**Exercise**
For this exercise, transcribe all of the entries exactly.
***** Excerpted data *****
(* Let $\mathcal{C}$ be a non-splitting CSS code on $n$ qubits of distance greater than $2$. Suppose there is some $k$ such that no $1$-local circuit in $\mathcal{C}_n^k\setminus\mathcal{C}_n^{k-1}$ is a logical identity of $\mathcal{C}$. Then for all $m\geq k$, no $1$-local circuit in $\mathcal{C}_n^m\setminus\mathcal{C}_n^{k-1}$ is a logical identity of $\mathcal{C}$.
   Context: The Clifford hierarchy: $\mathcal{C}_n^1=\mathcal{P}_n$ is the $n$-qubit Pauli group and, for $k>1$, $\mathcal{C}_n^k=\{U\in\mathcal{U}(2^n): U\mathcal{P}_nU^\dagger\subseteq\mathcal{C}_n^{k-1}\}$. A $1$-local circuit is a tensor product $C_1\otimes\cdots\otimes C_n$ of single-qubit gates. A CSS code $\mathsf{CSS}(A,B)$ on $n$ qubits is given by subspaces $A,B\subseteq\mathbb{F}_2^n$ with $a\cdot b=0$ for all $a\in A,b\in B$; its codespace is the common $+1$-eigenspace of $X^a$ ($a\in A$) and $Z^b$ ($b\in B$), where $G^a=\bigotimes_{i:a_i=1}G_i$. A logical identity is an operator acting as the identity on the codespace. A subspace $A$ splits on a non-empty $h\subsetneq\{1,\dots,n\}$ if $A=A_1\oplus A_2$ with $A_1$ having support $h$ and $A_2$ supported on the complement of $h$; the code splits on $h$ if both $A$ and $B$ do, and is non-splitting if it splits on no such $h$. *)

theory Defs
  imports Complex_Main "Jordan_Normal_Form.Matrix"
begin

text \<open>A vector of F_2^n is represented by its support, a subset of {0..<n}
  (qubits are numbered 0..n-1); addition is symmetric difference.\<close>

definition f2_add :: "nat set \<Rightarrow> nat set \<Rightarrow> nat set" where
  "f2_add a b = (a - b) \<union> (b - a)"

definition f2_dot_zero :: "nat set \<Rightarrow> nat set \<Rightarrow> bool" where
  "f2_dot_zero a b \<longleftrightarrow> even (card (a \<inter> b))"

definition f2_subspace :: "nat \<Rightarrow> nat set set \<Rightarrow> bool" where
  "f2_subspace n A \<longleftrightarrow> A \<subseteq> Pow {0..<n} \<and> {} \<in> A \<and> (\<forall>a\<in>A. \<forall>b\<in>A. f2_add a b \<in> A)"

definition f2_perp :: "nat \<Rightarrow> nat set set \<Rightarrow> nat set set" where
  "f2_perp n A = {x. x \<subseteq> {0..<n} \<and> (\<forall>a\<in>A. f2_dot_zero x a)}"

definition is_CSS :: "nat \<Rightarrow> nat set set \<Rightarrow> nat set set \<Rightarrow> bool" where
  "is_CSS n A B \<longleftrightarrow> f2_subspace n A \<and> f2_subspace n B \<and> (\<forall>a\<in>A. \<forall>b\<in>B. f2_dot_zero a b)"

text \<open>Distance of CSS(A,B) greater than d: every nontrivial logical X-type operator
  (x in B-perp minus A) and every nontrivial logical Z-type operator (z in A-perp minus B)
  has weight greater than d (distance is infinite if there are none).\<close>

definition css_distance_gt :: "nat \<Rightarrow> nat set set \<Rightarrow> nat set set \<Rightarrow> nat \<Rightarrow> bool" where
  "css_distance_gt n A B d \<longleftrightarrow>
     (\<forall>x \<in> f2_perp n B - A. card x > d) \<and> (\<forall>z \<in> f2_perp n A - B. card z > d)"

definition subspace_splits :: "nat \<Rightarrow> nat set set \<Rightarrow> nat set \<Rightarrow> bool" where
  "subspace_splits n A h \<longleftrightarrow>
     (\<exists>A1 A2. f2_subspace n A1 \<and> f2_subspace n A2 \<and>
        (\<forall>a\<in>A1. a \<subseteq> h) \<and> (\<forall>a\<in>A2. a \<subseteq> {0..<n} - h) \<and>
        A = {f2_add a1 a2 | a1 a2. a1 \<in> A1 \<and> a2 \<in> A2})"

definition css_splits :: "nat \<Rightarrow> nat set set \<Rightarrow> nat set set \<Rightarrow> nat set \<Rightarrow> bool" where
  "css_splits n A B h \<longleftrightarrow> subspace_splits n A h \<and> subspace_splits n B h"

definition css_non_splitting :: "nat \<Rightarrow> nat set set \<Rightarrow> nat set set \<Rightarrow> bool" where
  "css_non_splitting n A B \<longleftrightarrow>
     (\<forall>h. h \<noteq> {} \<and> h \<subset> {0..<n} \<longrightarrow> \<not> css_splits n A B h)"

text \<open>Computational basis states of n qubits are indexed by 0..<2^n; qubit i of basis
  index x is bit i of x.\<close>

definition qbit :: "nat \<Rightarrow> nat \<Rightarrow> nat" where
  "qbit x i = (x div 2 ^ i) mod 2"

definition tensor :: "nat \<Rightarrow> (nat \<Rightarrow> complex mat) \<Rightarrow> complex mat" where
  "tensor n C = mat (2 ^ n) (2 ^ n) (\<lambda>(x, y). \<Prod>i<n. C i $$ (qbit x i, qbit y i))"

definition adj :: "complex mat \<Rightarrow> complex mat" where
  "adj A = mat (dim_col A) (dim_row A) (\<lambda>(i, j). cnj (A $$ (j, i)))"

definition unitary_mat :: "nat \<Rightarrow> complex mat \<Rightarrow> bool" where
  "unitary_mat N U \<longleftrightarrow> U \<in> carrier_mat N N \<and> U * adj U = 1\<^sub>m N \<and> adj U * U = 1\<^sub>m N"

definition pauli_X :: "complex mat" where
  "pauli_X = mat 2 2 (\<lambda>(i, j). if i \<noteq> j then 1 else 0)"

definition pauli_Z :: "complex mat" where
  "pauli_Z = mat 2 2 (\<lambda>(i, j). if i = j then (if i = 0 then 1 else -1) else 0)"

definition Xpow :: "nat \<Rightarrow> nat set \<Rightarrow> complex mat" where
  "Xpow n a = tensor n (\<lambda>i. if i \<in> a then pauli_X else 1\<^sub>m 2)"

definition Zpow :: "nat \<Rightarrow> nat set \<Rightarrow> complex mat" where
  "Zpow n b = tensor n (\<lambda>i. if i \<in> b then pauli_Z else 1\<^sub>m 2)"

definition pauli_group :: "nat \<Rightarrow> complex mat set" where
  "pauli_group n = {(\<i> ^ c) \<cdot>\<^sub>m (Xpow n a * Zpow n b) | c a b.
                      a \<subseteq> {0..<n} \<and> b \<subseteq> {0..<n}}"

text \<open>Level 1 is the Pauli group; level k+1 consists of unitaries U
  with U P U^dagger in level k for all Paulis P. Level 0 is never used by the
  statement (it is an arbitrary placeholder, the empty set).\<close>

fun clifford_hierarchy :: "nat \<Rightarrow> nat \<Rightarrow> complex mat set" where
  "clifford_hierarchy n 0 = {}"
| "clifford_hierarchy n (Suc 0) = pauli_group n"
| "clifford_hierarchy n (Suc (Suc k)) =
     {U. unitary_mat (2 ^ n) U \<and>
         (\<forall>P \<in> pauli_group n. U * P * adj U \<in> clifford_hierarchy n (Suc k))}"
*****
**The answer**
(* Let $\mathcal{C}$ be a non-splitting CSS code on $n$ qubits of distance greater than $2$. Suppose there is some $k$ such that no $1$-local circuit in $\mathcal{C}_n^k\setminus\mathcal{C}_n^{k-1}$ is a logical identity of $\mathcal{C}$. Then for all $m\geq k$, no $1$-local circuit in $\mathcal{C}_n^m\setminus\mathcal{C}_n^{k-1}$ is a logical identity of $\mathcal{C}$.
   Context: The Clifford hierarchy: $\mathcal{C}_n^1=\mathcal{P}_n$ is the $n$-qubit Pauli group and, for $k>1$, $\mathcal{C}_n^k=\{U\in\mathcal{U}(2^n): U\mathcal{P}_nU^\dagger\subseteq\mathcal{C}_n^{k-1}\}$. A $1$-local circuit is a tensor product $C_1\otimes\cdots\otimes C_n$ of single-qubit gates. A CSS code $\mathsf{CSS}(A,B)$ on $n$ qubits is given by subspaces $A,B\subseteq\mathbb{F}_2^n$ with $a\cdot b=0$ for all $a\in A,b\in B$; its codespace is the common $+1$-eigenspace of $X^a$ ($a\in A$) and $Z^b$ ($b\in B$), where $G^a=\bigotimes_{i:a_i=1}G_i$. A logical identity is an operator acting as the identity on the codespace. A subspace $A$ splits on a non-empty $h\subsetneq\{1,\dots,n\}$ if $A=A_1\oplus A_2$ with $A_1$ having support $h$ and $A_2$ supported on the complement of $h$; the code splits on $h$ if both $A$ and $B$ do, and is non-splitting if it splits on no such $h$. *)

theory Defs
  imports Complex_Main "Jordan_Normal_Form.Matrix"
begin

text \<open>A vector of F_2^n is represented by its support, a subset of {0..<n}
  (qubits are numbered 0..n-1); addition is symmetric difference.\<close>

definition f2_add :: "nat set \<Rightarrow> nat set \<Rightarrow> nat set" where
  "f2_add a b = (a - b) \<union> (b - a)"

definition f2_dot_zero :: "nat set \<Rightarrow> nat set \<Rightarrow> bool" where
  "f2_dot_zero a b \<longleftrightarrow> even (card (a \<inter> b))"

definition f2_subspace :: "nat \<Rightarrow> nat set set \<Rightarrow> bool" where
  "f2_subspace n A \<longleftrightarrow> A \<subseteq> Pow {0..<n} \<and> {} \<in> A \<and> (\<forall>a\<in>A. \<forall>b\<in>A. f2_add a b \<in> A)"

definition f2_perp :: "nat \<Rightarrow> nat set set \<Rightarrow> nat set set" where
  "f2_perp n A = {x. x \<subseteq> {0..<n} \<and> (\<forall>a\<in>A. f2_dot_zero x a)}"

definition is_CSS :: "nat \<Rightarrow> nat set set \<Rightarrow> nat set set \<Rightarrow> bool" where
  "is_CSS n A B \<longleftrightarrow> f2_subspace n A \<and> f2_subspace n B \<and> (\<forall>a\<in>A. \<forall>b\<in>B. f2_dot_zero a b)"

text \<open>Distance of CSS(A,B) greater than d: every nontrivial logical X-type operator
  (x in B-perp minus A) and every nontrivial logical Z-type operator (z in A-perp minus B)
  has weight greater than d (distance is infinite if there are none).\<close>

definition css_distance_gt :: "nat \<Rightarrow> nat set set \<Rightarrow> nat set set \<Rightarrow> nat \<Rightarrow> bool" where
  "css_distance_gt n A B d \<longleftrightarrow>
     (\<forall>x \<in> f2_perp n B - A. card x > d) \<and> (\<forall>z \<in> f2_perp n A - B. card z > d)"

definition subspace_splits :: "nat \<Rightarrow> nat set set \<Rightarrow> nat set \<Rightarrow> bool" where
  "subspace_splits n A h \<longleftrightarrow>
     (\<exists>A1 A2. f2_subspace n A1 \<and> f2_subspace n A2 \<and>
        (\<forall>a\<in>A1. a \<subseteq> h) \<and> (\<forall>a\<in>A2. a \<subseteq> {0..<n} - h) \<and>
        A = {f2_add a1 a2 | a1 a2. a1 \<in> A1 \<and> a2 \<in> A2})"

definition css_splits :: "nat \<Rightarrow> nat set set \<Rightarrow> nat set set \<Rightarrow> nat set \<Rightarrow> bool" where
  "css_splits n A B h \<longleftrightarrow> subspace_splits n A h \<and> subspace_splits n B h"

definition css_non_splitting :: "nat \<Rightarrow> nat set set \<Rightarrow> nat set set \<Rightarrow> bool" where
  "css_non_splitting n A B \<longleftrightarrow>
     (\<forall>h. h \<noteq> {} \<and> h \<subset> {0..<n} \<longrightarrow> \<not> css_splits n A B h)"

text \<open>Computational basis states of n qubits are indexed by 0..<2^n; qubit i of basis
  index x is bit i of x.\<close>

definition qbit :: "nat \<Rightarrow> nat \<Rightarrow> nat" where
  "qbit x i = (x div 2 ^ i) mod 2"

definition tensor :: "nat \<Rightarrow> (nat \<Rightarrow> complex mat) \<Rightarrow> complex mat" where
  "tensor n C = mat (2 ^ n) (2 ^ n) (\<lambda>(x, y). \<Prod>i<n. C i $$ (qbit x i, qbit y i))"

definition adj :: "complex mat \<Rightarrow> complex mat" where
  "adj A = mat (dim_col A) (dim_row A) (\<lambda>(i, j). cnj (A $$ (j, i)))"

definition unitary_mat :: "nat \<Rightarrow> complex mat \<Rightarrow> bool" where
  "unitary_mat N U \<longleftrightarrow> U \<in> carrier_mat N N \<and> U * adj U = 1\<^sub>m N \<and> adj U * U = 1\<^sub>m N"

definition pauli_X :: "complex mat" where
  "pauli_X = mat 2 2 (\<lambda>(i, j). if i \<noteq> j then 1 else 0)"

definition pauli_Z :: "complex mat" where
  "pauli_Z = mat 2 2 (\<lambda>(i, j). if i = j then (if i = 0 then 1 else -1) else 0)"

definition Xpow :: "nat \<Rightarrow> nat set \<Rightarrow> complex mat" where
  "Xpow n a = tensor n (\<lambda>i. if i \<in> a then pauli_X else 1\<^sub>m 2)"

definition Zpow :: "nat \<Rightarrow> nat set \<Rightarrow> complex mat" where
  "Zpow n b = tensor n (\<lambda>i. if i \<in> b then pauli_Z else 1\<^sub>m 2)"

definition pauli_group :: "nat \<Rightarrow> complex mat set" where
  "pauli_group n = {(\<i> ^ c) \<cdot>\<^sub>m (Xpow n a * Zpow n b) | c a b.
                      a \<subseteq> {0..<n} \<and> b \<subseteq> {0..<n}}"

text \<open>Level 1 is the Pauli group; level k+1 consists of unitaries U
  with U P U^dagger in level k for all Paulis P. Level 0 is never used by the
  statement (it is an arbitrary placeholder, the empty set).\<close>

fun clifford_hierarchy :: "nat \<Rightarrow> nat \<Rightarrow> complex mat set" where
  "clifford_hierarchy n 0 = {}"
| "clifford_hierarchy n (Suc 0) = pauli_group n"
| "clifford_hierarchy n (Suc (Suc k)) =
     {U. unitary_mat (2 ^ n) U \<and>
         (\<forall>P \<in> pauli_group n. U * P * adj U \<in> clifford_hierarchy n (Suc k))}"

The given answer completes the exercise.